Murdoch, whose Chinese-born wife Wendi was also in the room, said it was "not an excuse" but that with an empire of 53,000 staff to oversee he could not be held fully responsible for failing to uncover the scandal.

He said that the company took swift action when it became aware of fresh phone-hacking evidence following a series of civil actions in 2010, but he denied knowing that the company had made payments to some high-profile victims.

Asked by opposition Labour lawmaker Jim Sheridan "Do you accept that ultimately you are responsible for this whole fiasco?", Murdoch tersely replied: "No".

When pressed over who he blamed, Murdoch said: "The people that I trusted to run it (his media empire) and then maybe the people they trusted."

He said he was "absolutely shocked, appalled and ashamed when I heard about the Milly Dowler case two weeks ago," referring to the case of a murdered teenager whose phone was allegedly hacked by the News of the World.

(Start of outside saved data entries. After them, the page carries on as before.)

text \<open>
  Read \<open>A \<in> \<bbbW>(S)\<close> as: \<open>A\<close> is an elementary abelian normal subgroup, and every \<open>s\<close>
  centralizing \<open>[A,s]\<close> centralizes \<open>A\<close>. Two members \<open>A\<close>, \<open>B\<close> centralize each other:
  for \<open>b \<in> B\<close> the subgroup \<open>[A,b] \<le> B\<close> is centralized by \<open>b\<close> because \<open>B\<close> is abelian,
  hence so is \<open>A\<close>. It follows that \<open>AB \<in> \<bbbW>(S)\<close>, so a maximal member of the finite set
  \<open>\<bbbW>(S)\<close> contains all others and is \<open>W(S)\<close>. Automorphisms permute \<open>\<bbbW>(S)\<close>, which
  makes \<open>W(S)\<close> characteristic; \<open>\<Omega>(Z(S))\<close> is central of exponent \<open>p\<close>, hence a member;
  and a member contained in \<open>T\<close> stays a member of \<open>\<bbbW>(T)\<close>, as \<open>[A,s]\<close> is the same
  subgroup computed in \<open>T\<close> or in \<open>S\<close>.
\<close>

definition centralizer :: "('a, 'b) monoid_scheme \<Rightarrow> 'a \<Rightarrow> 'a set" where
  "centralizer G s = {x \<in> carrier G. x \<otimes>\<^bsub>G\<^esub> s = s \<otimes>\<^bsub>G\<^esub> x}"

context group
begin

lemma gcomm_closed [simp]: "x \<in> carrier G \<Longrightarrow> y \<in> carrier G \<Longrightarrow> gcomm G x y \<in> carrier G"
  unfolding gcomm_def by simp

lemma gcomm_eq_one_iff:
  assumes "x \<in> carrier G" "y \<in> carrier G"
  shows "gcomm G x y = \<one> \<longleftrightarrow> x \<otimes> y = y \<otimes> x"
proof -
  have "gcomm G x y = inv (y \<otimes> x) \<otimes> (x \<otimes> y)"
    using assms by (simp add: gcomm_def inv_mult_group m_assoc)
  with assms show ?thesis by (simp add: inv_solve_left')
qed

lemma gcomm_in_subgroup:
  "subgroup T G \<Longrightarrow> x \<in> T \<Longrightarrow> y \<in> T \<Longrightarrow> gcomm G x y \<in> T"
  unfolding gcomm_def by (intro subgroup.m_closed subgroup.m_inv_closed; assumption?)+

lemma gcomm_in_normal:
  assumes N: "N \<lhd> G" and x: "x \<in> carrier G" and y: "y \<in> N"
  shows "gcomm G x y \<in> N"
proof -
  have sub: "subgroup N G" using N by (rule normal_imp_subgroup)
  have "inv y \<in> N" using sub y by (rule subgroup.m_inv_closed)
  then have "inv x \<otimes> inv y \<otimes> inv (inv x) \<in> N"
    using N x normal_inv_iff by blast
  then show ?thesis
    unfolding gcomm_def using x y sub by (simp add: subgroup.m_closed)
qed

lemma comm_elt_sub_carrier:
  assumes "H \<subseteq> carrier G" "s \<in> carrier G"
  shows "comm_elt_sub G H s \<subseteq> carrier G"
proof -
  have "{gcomm G h s | h. h \<in> H} \<subseteq> carrier G" using assms by auto
  then show ?thesis unfolding comm_elt_sub_def using generate_in_carrier by blast
qed

lemma comm_elt_sub_mono:
  "H \<subseteq> K \<Longrightarrow> K \<subseteq> carrier G \<Longrightarrow> s \<in> carrier G \<Longrightarrow> comm_elt_sub G H s \<subseteq> comm_elt_sub G K s"
  unfolding comm_elt_sub_def by (rule mono_generate) blast

lemma comm_elt_sub_subset_subgroup:
  assumes "subgroup T G" "H \<subseteq> T" "s \<in> T"
  shows "comm_elt_sub G H s \<subseteq> T"
  unfolding comm_elt_sub_def using assms gcomm_in_subgroup
  by (intro generate_subgroup_incl) auto

lemma comm_elt_sub_eq_one_iff:
  assumes "H \<subseteq> carrier G" "s \<in> carrier G"
  shows "comm_elt_sub G H s = {\<one>} \<longleftrightarrow> H \<subseteq> centralizer G s"
proof
  assume "comm_elt_sub G H s = {\<one>}"
  then have "gcomm G h s = \<one>" if "h \<in> H" for h
    using that unfolding comm_elt_sub_def by (auto intro: generate.incl)
  then show "H \<subseteq> centralizer G s"
    using assms gcomm_eq_one_iff unfolding centralizer_def by blast
next
  assume "H \<subseteq> centralizer G s"
  then have "{gcomm G h s | h. h \<in> H} \<subseteq> {\<one>}"
    using assms gcomm_eq_one_iff unfolding centralizer_def by blast
  then show "comm_elt_sub G H s = {\<one>}"
    unfolding comm_elt_sub_def
    using generate_subgroup_incl[OF _ triv_subgroup] generate.one by blast
qed

lemma centralizer_subgroup:
  assumes s: "s \<in> carrier G"
  shows "subgroup (centralizer G s) G"
proof (rule subgroupI)
  fix x assume "x \<in> centralizer G s"
  then have x: "x \<in> carrier G" "x \<otimes> s = s \<otimes> x" unfolding centralizer_def by auto
  have "inv x \<otimes> s = inv x \<otimes> (s \<otimes> x) \<otimes> inv x" using x s by (simp add: m_assoc)
  also have "\<dots> = inv x \<otimes> (x \<otimes> s) \<otimes> inv x" using x(2) by simp
  also have "\<dots> = s \<otimes> inv x" using x(1) s by (simp add: m_assoc[symmetric])
  finally show "inv x \<in> centralizer G s" using x unfolding centralizer_def by simp
next
  fix x y assume "x \<in> centralizer G s" "y \<in> centralizer G s"
  then have x: "x \<in> carrier G" "x \<otimes> s = s \<otimes> x" and y: "y \<in> carrier G" "y \<otimes> s = s \<otimes> y"
    unfolding centralizer_def by auto
  have "x \<otimes> y \<otimes> s = x \<otimes> (s \<otimes> y)" using x(1) y s by (simp add: m_assoc)
  also have "\<dots> = s \<otimes> (x \<otimes> y)" using x y(1) s by (simp add: m_assoc[symmetric])
  finally show "x \<otimes> y \<in> centralizer G s" using x(1) y(1) unfolding centralizer_def by simp
qed (use s in \<open>auto simp: centralizer_def\<close>)

lemma centralizer_sym:
  "x \<in> carrier G \<Longrightarrow> y \<in> carrier G \<Longrightarrow> x \<in> centralizer G y \<longleftrightarrow> y \<in> centralizer G x"
  unfolding centralizer_def by auto

lemma set_mult_subset_subgroup:
  assumes "subgroup C G" "H \<subseteq> C" "K \<subseteq> C"
  shows "H <#> K \<subseteq> C"
  using assms unfolding set_mult_def by (auto intro: subgroup.m_closed)

lemma subset_set_mult_left:
  assumes H: "H \<subseteq> carrier G" and K: "subgroup K G"
  shows "H \<subseteq> H <#> K"
proof
  fix h assume h: "h \<in> H"
  then have "h \<otimes> \<one> \<in> H <#> K" unfolding set_mult_def using subgroup.one_closed[OF K] by blast
  then show "h \<in> H <#> K" using h H by auto
qed

lemma subset_set_mult_right:
  assumes H: "subgroup H G" and K: "K \<subseteq> carrier G"
  shows "K \<subseteq> H <#> K"
proof
  fix k assume k: "k \<in> K"
  then have "\<one> \<otimes> k \<in> H <#> K" unfolding set_mult_def using subgroup.one_closed[OF H] by blast
  then show "k \<in> H <#> K" using k K by auto
qed

lemma in_WW_iff:
  "A \<in> WW G p \<longleftrightarrow> A \<lhd> G \<and> elem_abelian_sub G p A \<and>
     (\<forall>s\<in>carrier G. comm_elt_sub G A s \<subseteq> centralizer G s \<longrightarrow> A \<subseteq> centralizer G s)"
proof (cases "A \<lhd> G")
  case True
  then have A: "A \<subseteq> carrier G" by (simp add: normal_imp_subgroup subgroup.subset)
  have "comm_elt_sub G (comm_elt_sub G A s) s = {\<one>} \<longleftrightarrow> comm_elt_sub G A s \<subseteq> centralizer G s"
    and "comm_elt_sub G A s = {\<one>} \<longleftrightarrow> A \<subseteq> centralizer G s" if "s \<in> carrier G" for s
    using that by (simp_all add: comm_elt_sub_eq_one_iff comm_elt_sub_carrier A)
  then show ?thesis unfolding WW_def by simp
qed (simp add: WW_def)

lemma WW_normal: "A \<in> WW G p \<Longrightarrow> A \<lhd> G"
  by (simp add: in_WW_iff)

lemma WW_carrier: "A \<in> WW G p \<Longrightarrow> A \<subseteq> carrier G"
  using WW_normal normal_imp_subgroup subgroup.subset by blast

lemma WW_elem_abelian: "A \<in> WW G p \<Longrightarrow> elem_abelian_sub G p A"
  by (simp add: in_WW_iff)

lemma WW_centralizerD:
  "A \<in> WW G p \<Longrightarrow> s \<in> carrier G \<Longrightarrow> comm_elt_sub G A s \<subseteq> centralizer G s \<Longrightarrow> A \<subseteq> centralizer G s"
  by (simp add: in_WW_iff)

lemma elem_abelian_sub_centralizer:
  "elem_abelian_sub G p A \<Longrightarrow> a \<in> A \<Longrightarrow> A \<subseteq> centralizer G a"
  unfolding elem_abelian_sub_def centralizer_def by (auto dest: subgroup.mem_carrier)

lemma comm_elt_sub_subset_normal:
  assumes "N \<lhd> G" "H \<subseteq> carrier G" "s \<in> N"
  shows "comm_elt_sub G H s \<subseteq> N"
  unfolding comm_elt_sub_def using assms gcomm_in_normal
  by (intro generate_subgroup_incl) (auto intro: normal_imp_subgroup)

lemma WW_centralizes_WW:
  assumes A: "A \<in> WW G p" and B: "B \<in> WW G p" and b: "b \<in> B"
  shows "A \<subseteq> centralizer G b"
proof (rule WW_centralizerD[OF A])
  show b_carrier: "b \<in> carrier G" using B b WW_carrier by blast
  have "comm_elt_sub G A b \<subseteq> B"
    using comm_elt_sub_subset_normal WW_normal[OF B] WW_carrier[OF A] b by blast
  also have "B \<subseteq> centralizer G b"
    using elem_abelian_sub_centralizer WW_elem_abelian[OF B] b by blast
  finally show "comm_elt_sub G A b \<subseteq> centralizer G b" .
qed

lemma elem_abelian_sub_set_mult:
  assumes A: "elem_abelian_sub G p A" and B: "elem_abelian_sub G p B"
    and AB: "subgroup (A <#> B) G" and comm: "\<And>b. b \<in> B \<Longrightarrow> A \<subseteq> centralizer G b"
  shows "elem_abelian_sub G p (A <#> B)"
proof -
  have carr: "A \<subseteq> carrier G" "B \<subseteq> carrier G"
    using A B subgroup.subset unfolding elem_abelian_sub_def by blast+
  have B_comm: "B \<subseteq> centralizer G a" if a: "a \<in> A" for a
  proof
    fix b assume b: "b \<in> B"
    then have "a \<in> centralizer G b" using comm a by blast
    then show "b \<in> centralizer G a" using centralizer_sym a b carr by blast
  qed
  have AB_comm: "A <#> B \<subseteq> centralizer G y" if y: "y \<in> A \<union> B" for y
  proof -
    have "A \<subseteq> centralizer G y"
      using y elem_abelian_sub_centralizer[OF A] comm by (cases "y \<in> A") auto
    moreover have "B \<subseteq> centralizer G y"
      using y elem_abelian_sub_centralizer[OF B] B_comm by (cases "y \<in> B") auto
    moreover have "y \<in> carrier G" using y carr by blast
    ultimately show ?thesis using set_mult_subset_subgroup centralizer_subgroup by blast
  qed
  \<comment> \<open>Each element of \<open>A \<union> B\<close> centralizes \<open>AB\<close>; by symmetry each element of \<open>AB\<close> then
      centralizes \<open>A \<union> B\<close>, hence \<open>AB\<close>.\<close>
  have "A <#> B \<subseteq> centralizer G x" if x: "x \<in> A <#> B" for x
  proof -
    have xc: "x \<in> carrier G" using x subgroup.subset[OF AB] by blast
    have "A \<union> B \<subseteq> centralizer G x"
    proof
      fix y assume y: "y \<in> A \<union> B"
      then have "x \<in> centralizer G y" using AB_comm x by blast
      then show "y \<in> centralizer G x" using centralizer_sym xc y carr by blast
    qed
    then show ?thesis using set_mult_subset_subgroup[OF centralizer_subgroup[OF xc]] by blast
  qed
  then have "x \<otimes> y = y \<otimes> x" if "x \<in> A <#> B" "y \<in> A <#> B" for x y
    using that unfolding centralizer_def by blast
  moreover have "x [^] p = \<one>" if "x \<in> A <#> B" for x
  proof -
    obtain a b where ab: "a \<in> A" "b \<in> B" "x = a \<otimes> b"
      using \<open>x \<in> A <#> B\<close> unfolding set_mult_def by blast
    have "a \<otimes> b = b \<otimes> a" using comm ab unfolding centralizer_def by blast
    then have "x [^] p = a [^] p \<otimes> b [^] p" using ab carr pow_mult_distrib by blast
    then show ?thesis using A B ab unfolding elem_abelian_sub_def by simp
  qed
  ultimately show ?thesis
    using AB unfolding elem_abelian_sub_def by blast
qed
(* Let $\dot{\mathcal H}$ be the point (bound-state) subspace of the Hydrogen atom Hamiltonian and $\dot H$ the restriction of the Hamiltonian to it, as described in the context. There exists a generic set $\mathcal R\subset\dot{\mathcal H}$ such that for each $|\psi\rangle\in\mathcal R$ and each $0<q<1$, \[D^-_{\mu_{|\psi\rangle}}(q)=0\qquad\text{and}\qquad D^+_{\mu_{|\psi\rangle}}(q)=\tfrac13 .\]
   Context: The Hydrogen atom Hamiltonian is $H=-\Delta-\kappa/|x|$ acting in $\mathrm{L}^2(\mathbb R^3)$, $\kappa>0$ (the unique self-adjoint extension from $C_c^\infty$). Its eigenvalues are $\lambda_n=-\Lambda/n^2$, $n=1,2,\dots$, with $\Lambda=\kappa^2/4$, each of multiplicity $n^2$, with orthonormal eigenfunctions $|n,l,m\rangle$, $l=0,\dots,n-1$, $m=-l,\dots,l$. $\dot{\mathcal H}$ denotes the closed subspace spanned by all $|n,l,m\rangle$, and $\dot H$ the restriction of $H$ to $\dot{\mathcal H}$, so $\dot H\sum a_{n,l,m}|n,l,m\rangle=\sum \lambda_n a_{n,l,m}|n,l,m\rangle$. For $|\psi\rangle=\sum a_{n,l,m}|n,l,m\rangle\in\dot{\mathcal H}$ its spectral measure is $\mu_{|\psi\rangle}=\sum_{n,l,m}|a_{n,l,m}|^2\delta_{\lambda_n}$. For a finite positive Borel measure $\mu$ on $\mathbb R$ and $q>0$, $q\neq1$, set $I_\mu(q,\epsilon)=\int_{\{x:\mu(B(x,\epsilon))>0\}}\mu(B(x,\epsilon))^{q-1}\,d\mu(x)$ with $B(x,\epsilon)=(x-\epsilon,x+\epsilon)$, and define the lower and upper generalized fractal dimensions $D^-_\mu(q)=\liminf_{\epsilon\downarrow0}\frac{\ln I_\mu(q,\epsilon)}{(q-1)\ln\epsilon}$, $D^+_\mu(q)=\limsup_{\epsilon\downarrow0}\frac{\ln I_\mu(q,\epsilon)}{(q-1)\ln\epsilon}$. A generic set in a complete metric space is a countable intersection of open dense sets. *)

theory Defs
  imports "HOL-Analysis.Analysis" "HOL-Probability.Probability"
begin

text \<open>Quantum numbers (n,l,m) of the hydrogen bound states.\<close>
definition hyd_index :: "(nat \<times> nat \<times> int) set" where
  "hyd_index = {(n, l, m). 1 \<le> n \<and> l < n \<and> \<bar>m\<bar> \<le> int l}"

definition hyd_eig :: "real \<Rightarrow> nat \<Rightarrow> real" where
  "hyd_eig \<kappa> n = - (\<kappa>\<^sup>2 / 4) / (real n)\<^sup>2"

text \<open>The point subspace, written in coordinates w.r.t. the orthonormal
  eigenbasis |n,l,m>: square summable coefficient families a_(n,l,m).\<close>
definition point_space :: "(nat \<times> nat \<times> int \<Rightarrow> complex) set" where
  "point_space = {a. (\<forall>i. i \<notin> hyd_index \<longrightarrow> a i = 0) \<and>
                     (\<lambda>i. (cmod (a i))\<^sup>2) summable_on hyd_index}"
(* The logic $\mathsf{GS4}$ has the finite model property: for every formula $\varphi$, if $\mathsf{GS4}\nvdash\varphi$, then there is a $\mathsf{GS4}$-model $\mathcal M$ with finitely many worlds such that $\mathcal M\not\models\varphi$.
   Context: Fix a countably infinite set $\mathbb P$ of propositional variables. Formulas: $\varphi,\psi ::= p\mid\bot\mid(\varphi\wedge\psi)\mid(\varphi\vee\psi)\mid(\varphi\to\psi)\mid\Diamond\varphi\mid\Box\varphi$; $\neg\varphi:=\varphi\to\bot$. A bi-intuitionistic frame is $(W,W_\bot,\preccurlyeq,\sqsubseteq)$ with $\preccurlyeq,\sqsubseteq$ preorders on $W$ and $W_\bot\subseteq W$ upward closed under both; infallible if $W_\bot=\varnothing$. A valuation $V:\mathbb P\to 2^W$ has each $V(p)$ upward closed under $\preccurlyeq$ and containing $W_\bot$; a model is $\mathcal M=(W,W_\bot,\preccurlyeq,\sqsubseteq,V)$. Satisfaction: $p$ iff $w\in V(p)$; $\bot$ iff $w\in W_\bot$; $\wedge,\vee$ pointwise; $w\models\varphi\to\psi$ iff for all $v\succcurlyeq w$, $v\models\varphi$ implies $v\models\psi$; $w\models\Diamond\varphi$ iff for all $u\succcurlyeq w$ there is $v\sqsupseteq u$ with $v\models\varphi$; $w\models\Box\varphi$ iff $v\models\varphi$ whenever $w\preccurlyeq u\sqsubseteq v$. $\mathcal M\models\varphi$ iff $\varphi$ holds at every $w\in W\setminus W_\bot$. $\sqsubseteq$ is forward confluent if $w\preccurlyeq w'$ and $w\sqsubseteq v$ imply some $v'$ with $v\preccurlyeq v'$ and $w'\sqsubseteq v'$; backward confluent if $w\sqsubseteq v\preccurlyeq v'$ implies some $w'$ with $w\preccurlyeq w'\sqsubseteq v'$. The frame is locally linear if $w\preccurlyeq u$ and $w\preccurlyeq v$ imply $u\preccurlyeq v$ or $v\preccurlyeq u$. A $\mathsf{GS4}$-frame is an infallible, locally linear bi-intuitionistic frame in which $\sqsubseteq$ is forward and backward confluent; a $\mathsf{GS4}$-model is a model on such a frame. $\mathsf{CS4}$ is the least set of formulas containing all intuitionistic propositional tautologies and all instances of $\Box(\varphi\to\psi)\to(\Box\varphi\to\Box\psi)$, $\Box(\varphi\to\psi)\to(\Diamond\varphi\to\Diamond\psi)$, $\Box\varphi\to\varphi$, $\varphi\to\Diamond\varphi$, $\Box\varphi\to\Box\Box\varphi$, $\Diamond\Diamond\varphi\to\Diamond\varphi$, closed under modus ponens and necessitation. $\mathsf{GS4}$ is $\mathsf{CS4}$ extended with all instances of $(\Diamond\varphi\to\Box\psi)\to\Box(\varphi\to\psi)$, $\Diamond(\varphi\vee\psi)\to\Diamond\varphi\vee\Diamond\psi$, $\neg\Diamond\bot$, and $(\varphi\to\psi)\vee(\psi\to\varphi)$ (closed under the same rules). *)

theory Defs
  imports Main
begin

datatype fm =
    Var nat
  | Bot
  | And fm fm
  | Or fm fm
  | Imp fm fm
  | Dia fm
  | Box fm

definition Neg :: "fm \<Rightarrow> fm" where
  "Neg \<phi> = Imp \<phi> Bot"

(* Hilbert-style axioms of intuitionistic propositional logic, instantiated with
   arbitrary (modal) formulas; together with modus ponens they generate exactly the
   substitution instances of intuitionistic propositional tautologies. *)
inductive ipc_axiom :: "fm \<Rightarrow> bool" where
  ax_K:    "ipc_axiom (Imp \<phi> (Imp \<psi> \<phi>))"
| ax_S:    "ipc_axiom (Imp (Imp \<phi> (Imp \<psi> \<chi>)) (Imp (Imp \<phi> \<psi>) (Imp \<phi> \<chi>)))"
| ax_AndE1: "ipc_axiom (Imp (And \<phi> \<psi>) \<phi>)"
| ax_AndE2: "ipc_axiom (Imp (And \<phi> \<psi>) \<psi>)"
| ax_AndI: "ipc_axiom (Imp \<phi> (Imp \<psi> (And \<phi> \<psi>)))"
| ax_OrI1: "ipc_axiom (Imp \<phi> (Or \<phi> \<psi>))"
| ax_OrI2: "ipc_axiom (Imp \<psi> (Or \<phi> \<psi>))"
| ax_OrE:  "ipc_axiom (Imp (Imp \<phi> \<chi>) (Imp (Imp \<psi> \<chi>) (Imp (Or \<phi> \<psi>) \<chi>)))"
| ax_Bot:  "ipc_axiom (Imp Bot \<phi>)"

inductive cs4_axiom :: "fm \<Rightarrow> bool" where
  ax_KBox: "cs4_axiom (Imp (Box (Imp \<phi> \<psi>)) (Imp (Box \<phi>) (Box \<psi>)))"
| ax_KDia: "cs4_axiom (Imp (Box (Imp \<phi> \<psi>)) (Imp (Dia \<phi>) (Dia \<psi>)))"
| ax_T:    "cs4_axiom (Imp (Box \<phi>) \<phi>)"
| ax_TDia: "cs4_axiom (Imp \<phi> (Dia \<phi>))"
| ax_4:    "cs4_axiom (Imp (Box \<phi>) (Box (Box \<phi>)))"
| ax_4Dia: "cs4_axiom (Imp (Dia (Dia \<phi>)) (Dia \<phi>))"

inductive gs4_extra_axiom :: "fm \<Rightarrow> bool" where
  ax_FS:   "gs4_extra_axiom (Imp (Imp (Dia \<phi>) (Box \<psi>)) (Box (Imp \<phi> \<psi>)))"
| ax_DP:   "gs4_extra_axiom (Imp (Dia (Or \<phi> \<psi>)) (Or (Dia \<phi>) (Dia \<psi>)))"
| ax_N:    "gs4_extra_axiom (Neg (Dia Bot))"
| ax_GD:   "gs4_extra_axiom (Or (Imp \<phi> \<psi>) (Imp \<psi> \<phi>))"

inductive GS4_derivable :: "fm \<Rightarrow> bool" where
  ipc:  "ipc_axiom \<phi> \<Longrightarrow> GS4_derivable \<phi>"
| cs4:  "cs4_axiom \<phi> \<Longrightarrow> GS4_derivable \<phi>"
| gs4:  "gs4_extra_axiom \<phi> \<Longrightarrow> GS4_derivable \<phi>"
| mp:   "GS4_derivable (Imp \<phi> \<psi>) \<Longrightarrow> GS4_derivable \<phi> \<Longrightarrow> GS4_derivable \<psi>"
| nec:  "GS4_derivable \<phi> \<Longrightarrow> GS4_derivable (Box \<phi>)"

(* Models: W carrier, Wb fallible worlds, Le = \<preccurlyeq>, Sq = \<sqsubseteq>, V valuation *)
definition preorder_on :: "'w set \<Rightarrow> ('w \<times> 'w) set \<Rightarrow> bool" where
  "preorder_on W R \<longleftrightarrow> R \<subseteq> W \<times> W \<and> refl_on W R \<and> trans R"

definition up_closed :: "('w \<times> 'w) set \<Rightarrow> 'w set \<Rightarrow> bool" where
  "up_closed R A \<longleftrightarrow> (\<forall>w v. w \<in> A \<longrightarrow> (w, v) \<in> R \<longrightarrow> v \<in> A)"

definition biint_frame :: "'w set \<Rightarrow> 'w set \<Rightarrow> ('w \<times> 'w) set \<Rightarrow> ('w \<times> 'w) set \<Rightarrow> bool" where
  "biint_frame W Wb Le Sq \<longleftrightarrow> preorder_on W Le \<and> preorder_on W Sq \<and> Wb \<subseteq> W
     \<and> up_closed Le Wb \<and> up_closed Sq Wb"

Murdoch was also asked about claims the paper targeted the voicemails of victims of the September 11, 2001 attacks in the United States, but replied: "We have seen no evidence of that at all and as far as we know the FBI haven't either."

At times James, 38, the chairman of Murdoch's British newspaper operation News International, tried to step in when his father faltered on a question but was several times slapped down by lawmakers.

"I would like to say just how sorry I am and how sorry we are to particularly the victims of illegal voice mail interceptions and to their families," James Murdoch said.

The Murdochs initially refused to appear before the committee but relented after they were formally summoned.

They appeared shortly after Cameron, who has faced pressure over his own close friendships with a number of current and former Murdoch aides, cut short a trip to Africa so he could return to address parliament on Wednesday.

"This is a big problem but we are a big country," Cameron said after meeting Nigerian President Goodluck Jonathan in Lagos.

In a further tragic twist, British police were investigating the unexplained death of whistleblower Sean Hoare, a former reporter at the newspaper who first implicated Cameron's ex-spokesman Andy Coulson in the scandal.

Dozens of people queued up to get into the committee hearing to hear the two Murdochs and Brooks, until recently the three most powerful people in the British media.

Lawmakers also heard evidence from outgoing Scotland Yard chief Paul Stephenson, who quit on Sunday amid questions over the force's links with Neil Wallis, deputy editor at the News of the World when Coulson edited the paper.

Stephenson admitted that 10 members of the Metropolitan Police press office had worked at News International.

But he denied taking a "swipe" at Cameron in his resignation statement and comparing the force's employment of Wallis to Coulson.

Both Coulson, who left Downing Street in January, and Wallis have since been arrested and bailed on suspicion of phone hacking.

The flame-haired Brooks, also a former editor of the News of the World, was arrested on Sunday on suspicion of hacking and bribing police.

News International was meanwhile targeted overnight by the Lulz Security hacker group, which replaced The Sun newspaper's online version with a fake story saying Australian-born Rupert was dead.

The initial police investigation into the Sunday tabloid resulted in the jailing of the paper's former royal editor and a private investigator but the evidence then sat untouched for years.

Meanwhile police said a post mortem was being carried out on Hoare, a former News of the World reporter, who alleged last year that Coulson knew about voicemail hacking.

Hoare, who had drink and drug problems, was found dead early Monday at his home in Watford, north of London. "The death is currently being treated as unexplained, but not thought to be suspicious," police said in a statement.